Скрипнули петли двери, та легко поддалась, отворилась. В тесное помещение вошли Евгений с сыном. Леша ушел. Игрок зажег керосиновую лампу, помещение, поглощенное мглой, осветилось – темнота отступила, но не полностью, съеденные мглой углы были вне досягаемости слабой керосинки. Керосинка выхватывала из темноты два матраса, из одного лезли внутренности, а другой был прокопчен. Справа от входа, на перегородке, над полом виднеется металлическая полка, на которой лежит пара стопок карт, шашки, домино… Прямо на входе, под дверью лежит красный истоптанный коврик. Стена, параллельная двери, покрыта мраморными плитками. На той стене висят плакаты когда-то великих футболистов, хоккеистов; прямо над дверью, вместо иконы, висит фото когда-то президента Российской Федерации, имя которого уже успели забыть. В ближнем углу стоит шкаф, битком набитый одеждой Жени его сына и его брата.
Степа бросил сумку на опаленный матрас, сел на стул стоящий у входа.

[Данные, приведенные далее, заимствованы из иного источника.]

(* Let $G$ be a finite group. Then the commuting graph $\Gamma_C(G)$ is minimally edge connected if and only if $G$ is abelian.
   Context: The commuting graph $\Gamma_C(G)$ of a group $G$ is the simple undirected graph with vertex set $G$ in which two distinct elements $x,y$ are adjacent if and only if $xy=yx$. For a connected graph $\Gamma$, an edge cut-set is a set $S$ of edges such that $\Gamma-S$ is disconnected or has just one vertex, and the edge connectivity $\kappa'(\Gamma)$ is the smallest size of an edge cut-set. $\Gamma$ is minimally edge connected if $\kappa'(\Gamma-\epsilon)=\kappa'(\Gamma)-1$ for every edge $\epsilon$ of $\Gamma$. *)

theory Defs
  imports "HOL-Algebra.Group"
begin

text \<open>Finite simple undirected graphs are represented by a vertex set V and an
edge set E of two-element subsets of V.\<close>

definition graph_adj :: "'a set set \<Rightarrow> 'a \<Rightarrow> 'a \<Rightarrow> bool" where
  "graph_adj E x y \<longleftrightarrow> x \<noteq> y \<and> {x, y} \<in> E"

definition graph_connected :: "'a set \<Rightarrow> 'a set set \<Rightarrow> bool" where
  "graph_connected V E \<longleftrightarrow> V \<noteq> {} \<and>
     (\<forall>u\<in>V. \<forall>v\<in>V. (graph_adj E)\<^sup>*\<^sup>* u v)"

definition edge_cut_set :: "'a set \<Rightarrow> 'a set set \<Rightarrow> 'a set set \<Rightarrow> bool" where
  "edge_cut_set V E S \<longleftrightarrow> S \<subseteq> E \<and>
     (\<not> graph_connected V (E - S) \<or> card V = 1)"

definition edge_connectivity :: "'a set \<Rightarrow> 'a set set \<Rightarrow> nat" where
  "edge_connectivity V E = (LEAST k. \<exists>S. edge_cut_set V E S \<and> finite S \<and> card S = k)"
(* Let $d\ge 2$ and let $\rho$ be a diagonal symmetric state on $\mathbb{C}^d\otimes\mathbb{C}^d$ that is PPT, with associated matrix $M=M(\rho)$. Let $\ket{u}=\frac{1}{\sqrt d}(1,\dots,1)^T\in\mathbb{R}^d$ and let $M^{+}$ denote the Moore–Penrose pseudo-inverse of $M$. Suppose there exists $\varepsilon\ge 0$ such that (1) $\varepsilon\le M_{ij}$ for all $0\le i,j<d$; (2) $\ket{u}$ lies in the range of $M$ and $\varepsilon d\le \left(\bra{u}M^{+}\ket{u}\right)^{-1}$; (3) for all $0\le i<d$, $M_{ii}+\varepsilon(d-2)\ge\sum_{j\ne i}M_{ji}$. Then $\rho$ is separable.
   Context: Let $\{\ket{0},\dots,\ket{d-1}\}$ be the computational basis of $\mathbb{C}^d$. Define $\ket{D_{ii}}=\ket{ii}$ and, for $i<j$, $\ket{D_{ij}}=(\ket{ij}+\ket{ji})/\sqrt{2}$. A state $\rho$ on $\mathbb{C}^d\otimes\mathbb{C}^d$ is diagonal symmetric (DS) if $\rho=\sum_{0\le i\le j<d}p_{ij}\ket{D_{ij}}\bra{D_{ij}}$ with $p_{ij}\ge 0$ and $\sum_{i\le j}p_{ij}=1$; set $p_{ji}=p_{ij}$. Its associated matrix $M(\rho)$ is the real symmetric $d\times d$ matrix with $M(\rho)_{ii}=p_{ii}$ and $M(\rho)_{ij}=p_{ij}/2$ for $i\ne j$ (the paper writes $\rho_{ij}$ for the entries of $M(\rho)$). $\rho$ is PPT if its partial transpose with respect to the computational basis of the second factor is positive semidefinite. A state is separable if it is a convex combination of product states $\rho^A\otimes\rho^B$. *)

theory Defs
  imports "HOL-Analysis.Analysis"
begin

text \<open>Matrices are represented as functions nat => nat => scalar, together with an
explicit dimension n; only entries with indices below n are meaningful.
The space C^d (x) C^d is identified with C^(d*d), the basis vector |i>|k>
having index i*d+k.\<close>

definition mmul :: "nat \<Rightarrow> (nat \<Rightarrow> nat \<Rightarrow> 'a::comm_semiring_0) \<Rightarrow> (nat \<Rightarrow> nat \<Rightarrow> 'a) \<Rightarrow> nat \<Rightarrow> nat \<Rightarrow> 'a" where
  "mmul n A B i j = (\<Sum>k<n. A i k * B k j)"

definition penrose :: "nat \<Rightarrow> (nat \<Rightarrow> nat \<Rightarrow> real) \<Rightarrow> (nat \<Rightarrow> nat \<Rightarrow> real) \<Rightarrow> bool" where
  "penrose n M X \<longleftrightarrow>
     (\<forall>i j. (n \<le> i \<or> n \<le> j) \<longrightarrow> X i j = 0) \<and>
     (\<forall>i<n. \<forall>j<n. mmul n (mmul n M X) M i j = M i j) \<and>
     (\<forall>i<n. \<forall>j<n. mmul n (mmul n X M) X i j = X i j) \<and>
     (\<forall>i<n. \<forall>j<n. mmul n M X i j = mmul n M X j i) \<and>
     (\<forall>i<n. \<forall>j<n. mmul n X M i j = mmul n X M j i)"

definition pinv :: "nat \<Rightarrow> (nat \<Rightarrow> nat \<Rightarrow> real) \<Rightarrow> nat \<Rightarrow> nat \<Rightarrow> real" where
  "pinv n M = (THE X. penrose n M X)"

definition psd :: "nat \<Rightarrow> (nat \<Rightarrow> nat \<Rightarrow> complex) \<Rightarrow> bool" where
  "psd n A \<longleftrightarrow> (\<forall>i<n. \<forall>j<n. A i j = cnj (A j i)) \<and>
     (\<forall>v :: nat \<Rightarrow> complex. let q = (\<Sum>i<n. \<Sum>j<n. cnj (v i) * A i j * v j) in Im q = 0 \<and> Re q \<ge> 0)"

definition density :: "nat \<Rightarrow> (nat \<Rightarrow> nat \<Rightarrow> complex) \<Rightarrow> bool" where
  "density n A \<longleftrightarrow> psd n A \<and> (\<Sum>i<n. A i i) = 1"

definition tensor :: "nat \<Rightarrow> (nat \<Rightarrow> nat \<Rightarrow> complex) \<Rightarrow> (nat \<Rightarrow> nat \<Rightarrow> complex) \<Rightarrow> nat \<Rightarrow> nat \<Rightarrow> complex" where
  "tensor d A B a b = A (a div d) (b div d) * B (a mod d) (b mod d)"

text \<open>Partial transpose w.r.t. the computational basis of the second factor:
<i k| R^T_B |j l> = <i l| R |j k>.\<close>
definition ptrans :: "nat \<Rightarrow> (nat \<Rightarrow> nat \<Rightarrow> complex) \<Rightarrow> nat \<Rightarrow> nat \<Rightarrow> complex" where
  "ptrans d R a b = R ((a div d) * d + b mod d) ((b div d) * d + a mod d)"

definition PPT :: "nat \<Rightarrow> (nat \<Rightarrow> nat \<Rightarrow> complex) \<Rightarrow> bool" where
  "PPT d R \<longleftrightarrow> psd (d * d) (ptrans d R)"

definition separable :: "nat \<Rightarrow> (nat \<Rightarrow> nat \<Rightarrow> complex) \<Rightarrow> bool" where
  "separable d R \<longleftrightarrow> (\<exists>(m::nat) (p::nat \<Rightarrow> real) A B.
     (\<forall>k<m. 0 \<le> p k) \<and> (\<Sum>k<m. p k) = 1 \<and>
     (\<forall>k<m. density d (A k) \<and> density d (B k)) \<and>
     (\<forall>a<d*d. \<forall>b<d*d. R a b = (\<Sum>k<m. complex_of_real (p k) * tensor d (A k) (B k) a b)))"

definition dicke :: "nat \<Rightarrow> nat \<Rightarrow> nat \<Rightarrow> nat \<Rightarrow> complex" where
  "dicke d i j a =
     (if i = j then (if a = i * d + i then 1 else 0)
      else (if a = i * d + j \<or> a = j * d + i then complex_of_real (1 / sqrt 2) else 0))"

definition ds_state :: "nat \<Rightarrow> (nat \<Rightarrow> nat \<Rightarrow> real) \<Rightarrow> nat \<Rightarrow> nat \<Rightarrow> complex" where
  "ds_state d p a b = (\<Sum>(i,j)\<in>{(i,j). i \<le> j \<and> j < d}.
      complex_of_real (p i j) * dicke d i j a * cnj (dicke d i j b))"

definition is_ds_coeffs :: "nat \<Rightarrow> (nat \<Rightarrow> nat \<Rightarrow> real) \<Rightarrow> bool" where
  "is_ds_coeffs d p \<longleftrightarrow> (\<forall>i j. i \<le> j \<and> j < d \<longrightarrow> 0 \<le> p i j) \<and>
     (\<Sum>(i,j)\<in>{(i,j). i \<le> j \<and> j < d}. p i j) = 1"

definition ds_matrix :: "nat \<Rightarrow> (nat \<Rightarrow> nat \<Rightarrow> real) \<Rightarrow> nat \<Rightarrow> nat \<Rightarrow> real" where
  "ds_matrix d p i j = (if i = j then p i i else p (min i j) (max i j) / 2)"

end

theory Submission
  imports Defs
begin

text \<open>The associated matrix M is completely positive: with r_i \<ge> 0 the slack in condition (3),
  M = \<epsilon> J + \<Sum>_{i \<noteq> j} (M_ij - \<epsilon>)/2 (e_i + e_j)(e_i + e_j)^T + \<Sum>_i r_i e_i e_i^T
  has nonnegative coefficients by (1) and (3). A diagonal symmetric operator whose matrix is
  v v^T with v \<ge> 0 is, up to a positive factor, the average of the product states
  |\<psi>_x><\<psi>_x| \<otimes> |\<psi>_x><\<psi>_x| with \<psi>_x = \<Sum>_t sqrt(v_t) i^(x_t) |t> over
  x \<in> {0,1,2,3}^d: the phase average kills every entry <i k|.|j l> with {i, k} \<noteq> {j, l}.
  Hence \<rho> is separable.\<close>

definition sep_cone :: "nat \<Rightarrow> (nat \<Rightarrow> nat \<Rightarrow> complex) \<Rightarrow> bool" where
  "sep_cone d R \<longleftrightarrow> (\<exists>(m::nat) (c::nat \<Rightarrow> real) A B.
     (\<forall>k<m. 0 \<le> c k \<and> density d (A k) \<and> density d (B k)) \<and>
     (\<forall>a<d*d. \<forall>b<d*d. R a b = (\<Sum>k<m. complex_of_real (c k) * tensor d (A k) (B k) a b)))"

Евгений спросил у сына, вешая куртку на гвоздик:
– Что, сложный день был?
– А ты как думаешь? – Вопросом ответил Степа. – Девять часов сидеть в темноте, в жаре, уф… Училка орет, еще кто-то орет, башка трещит… все пап, я на боковую.
Евгений в самый, для Степана, не подходящий момент сказал:
– Покажи дневник, потом поспишь.
Степа лениво потянулся к сумке, подтащил к себе, расстегнул, выудил тетрадь, пролистал до нужной страницы. Тетрадь разбита на три колонки: предмет, домашнее задание и оценка. Отец начал вглядываться в засеянные красной пастой страницы высматривая из пятерок-четверок-троек двойку или «неуд» по поведению.